Переулок, обитателями которого стали Тит и Никий, был населен людьми без определенных занятий, которые добывали свой хлеб способами разными, порой очень подозрительными. Они уходили с раннего утра, и до позднего вечера их не было дома. Тишину нарушал только стук Титова молота и крик мальчишки из харчевни на углу: срывающимся голосом он выкликал достоинства горячей бобовой похлебки с салом, которой обносил все дворы. Молодая гадалка, уроженка испанского города Гадеса, нараспев зазывала клиентов. Иногда в эти обычные звуки врезалась резкая перебранка каких-то рослых молодцов, таинственно исчезавших и так же таинственно появлявшихся в доме напротив. Единственным занятием, за которым их здесь видели, была игра в кости, сопровождавшаяся неизменно дикими выкриками, выхватываньем ножей и угрозами.
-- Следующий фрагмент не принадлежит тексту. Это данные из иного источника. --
(* Let $\mathbf u\in\mathcal A^{\mathbb N}$ be a uniformly recurrent infinite word with finite defect. Then there exist a finite alphabet $\mathcal B$, a rich infinite word $\mathbf v\in\mathcal B^{\mathbb N}$ and a morphism $\varphi:\mathcal B^*\to\mathcal A^*$ of class $P_{ret}$ such that $\mathbf u=\varphi(\mathbf v)$. Moreover, $\mathbf v$ is uniformly recurrent.
   Context: For a finite word $w$, $\overline{w}$ denotes its reversal; $w$ is a palindrome if $w=\overline w$. The defect of a finite word $w$ is $D(w)=|w|+1-(\text{number of distinct palindromic factors of } w, \text{ including the empty word})$; the defect of an infinite word $\mathbf u$ is $D(\mathbf u)=\sup\{D(w): w \text{ a prefix of }\mathbf u\}$. An infinite word is rich if its defect is $0$, i.e., every prefix of length $n$ contains exactly $n+1$ distinct palindromes. An infinite word is uniformly recurrent if every factor occurs infinitely often with bounded gaps between consecutive occurrences. A morphism $\varphi:\mathcal B^*\to\mathcal A^*$ is of class $P_{ret}$ if there exists a palindrome $p\in\mathcal A^*$ such that: (a) $\varphi(b)p$ is a palindrome for every $b\in\mathcal B$; (b) for every $b\in\mathcal B$, $\varphi(b)p$ contains exactly two occurrences of $p$, one as a prefix and one as a suffix; (c) $\varphi(b)\ne\varphi(c)$ for distinct $b,c\in\mathcal B$. For $\mathbf v=v_0v_1\cdots$, $\varphi(\mathbf v)=\varphi(v_0)\varphi(v_1)\cdots$. *)

theory Defs
  imports "HOL-Library.Sublist"
begin

definition palindrome :: "'a list \<Rightarrow> bool" where
  "palindrome w \<longleftrightarrow> rev w = w"

text \<open>Distinct palindromic factors (including the empty word).\<close>
definition pal_factors :: "'a list \<Rightarrow> 'a list set" where
  "pal_factors w = {p. sublist p w \<and> palindrome p}"

definition defect :: "'a list \<Rightarrow> int" where
  "defect w = int (length w) + 1 - int (card (pal_factors w))"

definition pref :: "(nat \<Rightarrow> 'a) \<Rightarrow> nat \<Rightarrow> 'a list" where
  "pref u n = map u [0..<n]"

definition finite_defect :: "(nat \<Rightarrow> 'a) \<Rightarrow> bool" where
  "finite_defect u \<longleftrightarrow> (\<exists>K. \<forall>n. defect (pref u n) \<le> K)"

definition rich :: "(nat \<Rightarrow> 'a) \<Rightarrow> bool" where
  "rich u \<longleftrightarrow> (\<forall>n. defect (pref u n) = 0)"

definition occurs_at :: "'a list \<Rightarrow> (nat \<Rightarrow> 'a) \<Rightarrow> nat \<Rightarrow> bool" where
  "occurs_at w u i \<longleftrightarrow> map u [i..<i + length w] = w"

definition uniformly_recurrent :: "(nat \<Rightarrow> 'a) \<Rightarrow> bool" where
  "uniformly_recurrent u \<longleftrightarrow>
     (\<forall>w. (\<exists>i. occurs_at w u i) \<longrightarrow>
          (\<exists>K. \<forall>n. \<exists>i. n \<le> i \<and> i \<le> n + K \<and> occurs_at w u i))"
Никий, растерявшийся перед новым, таким и чуждым и, казалось, страшным миром, вскоре, однако, с ним освоился и стал деятельным помощником Титу: бегал за покупками, пек репу и свеклу на жаровне в мастерской дяди или на очаге у соседа, сапожника, радушно зазывавшего к себе мальчика. Соседние мальчишки решили испытать пришельца и сыграть с ним несколько шуток. Для начала ему незаметно привесили сзади к поясу хвост, сплетенный из крепких веревочек с кисточкой внизу: каждому было ясно, что обладатель такого хвоста состоит в близком родстве с ослиной породой. Первая шутка оказалась и последней: Никий так изукрасил насмешников синяками и ссадинами (одному выбил даже зуб, к счастью молочный), что никому больше не приходило в голову его испытывать. Сам он, правда, тоже сильно пострадал: глаз у него открылся только через несколько дней, а нос походил, по словам Тита, сочувственно выслушавшего повесть о битве, на крупную хорошую грушу. Но положение себе Никий завоевал: его признали своим и равным; он вошел в товарищеский круг; называть его другом стало лестно.
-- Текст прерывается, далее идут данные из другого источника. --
lemma row_perm_isotope:
  assumes L: "latin_square n L"
    and p: "\<alpha> permutes {0..<n}" "\<beta> permutes {0..<n}" "\<gamma> permutes {0..<n}" and r: "r < n"
  shows "row_perm n (isotope n L \<alpha> \<beta> \<gamma>) r = inv \<beta> \<circ> row_perm n L (\<alpha> r) \<circ> inv \<gamma>"
proof
  fix s
  show "row_perm n (isotope n L \<alpha> \<beta> \<gamma>) r s = (inv \<beta> \<circ> row_perm n L (\<alpha> r) \<circ> inv \<gamma>) s"
  proof (cases "s < n")
    case True
    let ?j = "row_perm n L (\<alpha> r) (inv \<gamma> s)"
    have j: "?j < n" "L (\<alpha> r, ?j) = inv \<gamma> s"
      using row_perm_spec[OF L permutes_less[OF p(1) r]
          permutes_less[OF permutes_inv[OF p(3)] True]]
      by auto
    show ?thesis
      by (rule row_perm_eqI[OF latin_square_isotope[OF L p] r])
        (use j permutes_less[OF permutes_inv[OF p(2)]] r in
          \<open>simp_all add: isotope_apply permutes_inverses[OF p(2)] permutes_inverses[OF p(3)]\<close>)
  next
    case False
    then show ?thesis
      using permutes_not_in[OF permutes_inv[OF p(2)]] permutes_not_in[OF permutes_inv[OF p(3)]]
      by (simp add: row_perm_def)
  qed
qed

lemma col_perm_isotope:
  assumes L: "latin_square n L"
    and p: "\<alpha> permutes {0..<n}" "\<beta> permutes {0..<n}" "\<gamma> permutes {0..<n}" and c: "c < n"
  shows "col_perm n (isotope n L \<alpha> \<beta> \<gamma>) c = inv \<alpha> \<circ> col_perm n L (\<beta> c) \<circ> inv \<gamma>"
proof
  fix s
  show "col_perm n (isotope n L \<alpha> \<beta> \<gamma>) c s = (inv \<alpha> \<circ> col_perm n L (\<beta> c) \<circ> inv \<gamma>) s"
  proof (cases "s < n")
    case True
    let ?i = "col_perm n L (\<beta> c) (inv \<gamma> s)"
    have i: "?i < n" "L (?i, \<beta> c) = inv \<gamma> s"
      using col_perm_spec[OF L permutes_less[OF p(2) c]
          permutes_less[OF permutes_inv[OF p(3)] True]]
      by auto
    show ?thesis
      by (rule col_perm_eqI[OF latin_square_isotope[OF L p] c])
        (use i permutes_less[OF permutes_inv[OF p(1)]] c in
          \<open>simp_all add: isotope_apply permutes_inverses[OF p(1)] permutes_inverses[OF p(3)]\<close>)
  next
    case False
    then show ?thesis
      using permutes_not_in[OF permutes_inv[OF p(1)]] permutes_not_in[OF permutes_inv[OF p(3)]]
      by (simp add: col_perm_def)
  qed
qed

lemma sign_inv_comp_comp_inv:
  assumes "p permutes S" "q permutes S" "r permutes S" "finite S"
  shows "sign (inv p \<circ> q \<circ> inv r) = sign p * sign q * sign r"
proof -
  have perm: "permutation p" "permutation q" "permutation r"
    using assms permutes_imp_permutation by blast+
  then show ?thesis
    by (simp add: sign_compose permutation_compose permutation_inverse sign_inverse)
qed

lemma par_isotope:
  assumes L: "latin_square n L"
    and p: "\<alpha> permutes {0..<n}" "\<beta> permutes {0..<n}" "\<gamma> permutes {0..<n}"
  shows "par n (isotope n L \<alpha> \<beta> \<gamma>) = (sign \<beta> * sign \<gamma>) ^ n * (sign \<alpha> * sign \<gamma>) ^ n * par n L"
proof -
  have rows: "(\<Prod>r<n. sign (row_perm n (isotope n L \<alpha> \<beta> \<gamma>) r))
      = (\<Prod>r<n. sign \<beta> * sign \<gamma> * sign (row_perm n L (\<alpha> r)))"
    by (rule prod.cong) (auto simp: row_perm_isotope[OF L p] permutes_less[OF p(1)]
        sign_inv_comp_comp_inv[OF p(2) row_perm_permutes[OF L] p(3)])
  have cols: "(\<Prod>c<n. sign (col_perm n (isotope n L \<alpha> \<beta> \<gamma>) c))
      = (\<Prod>c<n. sign \<alpha> * sign \<gamma> * sign (col_perm n L (\<beta> c)))"
    by (rule prod.cong) (auto simp: col_perm_isotope[OF L p] permutes_less[OF p(2)]
        sign_inv_comp_comp_inv[OF p(1) col_perm_permutes[OF L] p(3)])
  have "(\<Prod>r<n. sign (row_perm n L (\<alpha> r))) = (\<Prod>r<n. sign (row_perm n L r))"
    using prod.reindex_bij_betw[OF permutes_imp_bij[OF p(1)]] by (simp add: lessThan_atLeast0)
  moreover have "(\<Prod>c<n. sign (col_perm n L (\<beta> c))) = (\<Prod>c<n. sign (col_perm n L c))"
    using prod.reindex_bij_betw[OF permutes_imp_bij[OF p(2)]] by (simp add: lessThan_atLeast0)
  ultimately show ?thesis
    unfolding par_def rows cols prod.distrib by (simp add: algebra_simps)
qed

definition recentre_sym :: "(nat \<times> nat \<Rightarrow> nat) \<Rightarrow> nat \<Rightarrow> nat \<Rightarrow> nat \<Rightarrow> nat"
  where "recentre_sym R i j = transpose 0 (R (i, j))"

definition recentre_rows :: "nat \<Rightarrow> (nat \<times> nat \<Rightarrow> nat) \<Rightarrow> nat \<Rightarrow> nat \<Rightarrow> nat \<Rightarrow> nat"
  where "recentre_rows n R i j = col_perm n R j \<circ> recentre_sym R i j"

definition recentre_cols :: "nat \<Rightarrow> (nat \<times> nat \<Rightarrow> nat) \<Rightarrow> nat \<Rightarrow> nat \<Rightarrow> nat \<Rightarrow> nat"
  where "recentre_cols n R i j = row_perm n R i \<circ> recentre_sym R i j"

definition recentre :: "nat \<Rightarrow> (nat \<times> nat \<Rightarrow> nat) \<Rightarrow> nat \<Rightarrow> nat \<Rightarrow> nat \<times> nat \<Rightarrow> nat"
  where "recentre n R i j =
    isotope n R (recentre_rows n R i j) (recentre_cols n R i j) (recentre_sym R i j)"

locale reduced_cell =
  fixes n :: nat and R :: "nat \<times> nat \<Rightarrow> nat" and i j :: nat
  assumes latin: "latin_square n R" and reduced: "reduced n R" and row: "i < n" and col: "j < n"
begin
Новые приятели, коренные жители Рима, быстро познакомили пришельца с городом. Никий скоро уже смеялся над своими прежними страхами. Он выучился ловко проскальзывать в толпе между взрослыми, превосходно разбирался в путанице извилистых и кривых римских улиц и улочек и брал под свое покровительство бедных чужеземцев, впервые попавших в Рим и с отчаянием расспрашивавших, как им добраться до нужного места.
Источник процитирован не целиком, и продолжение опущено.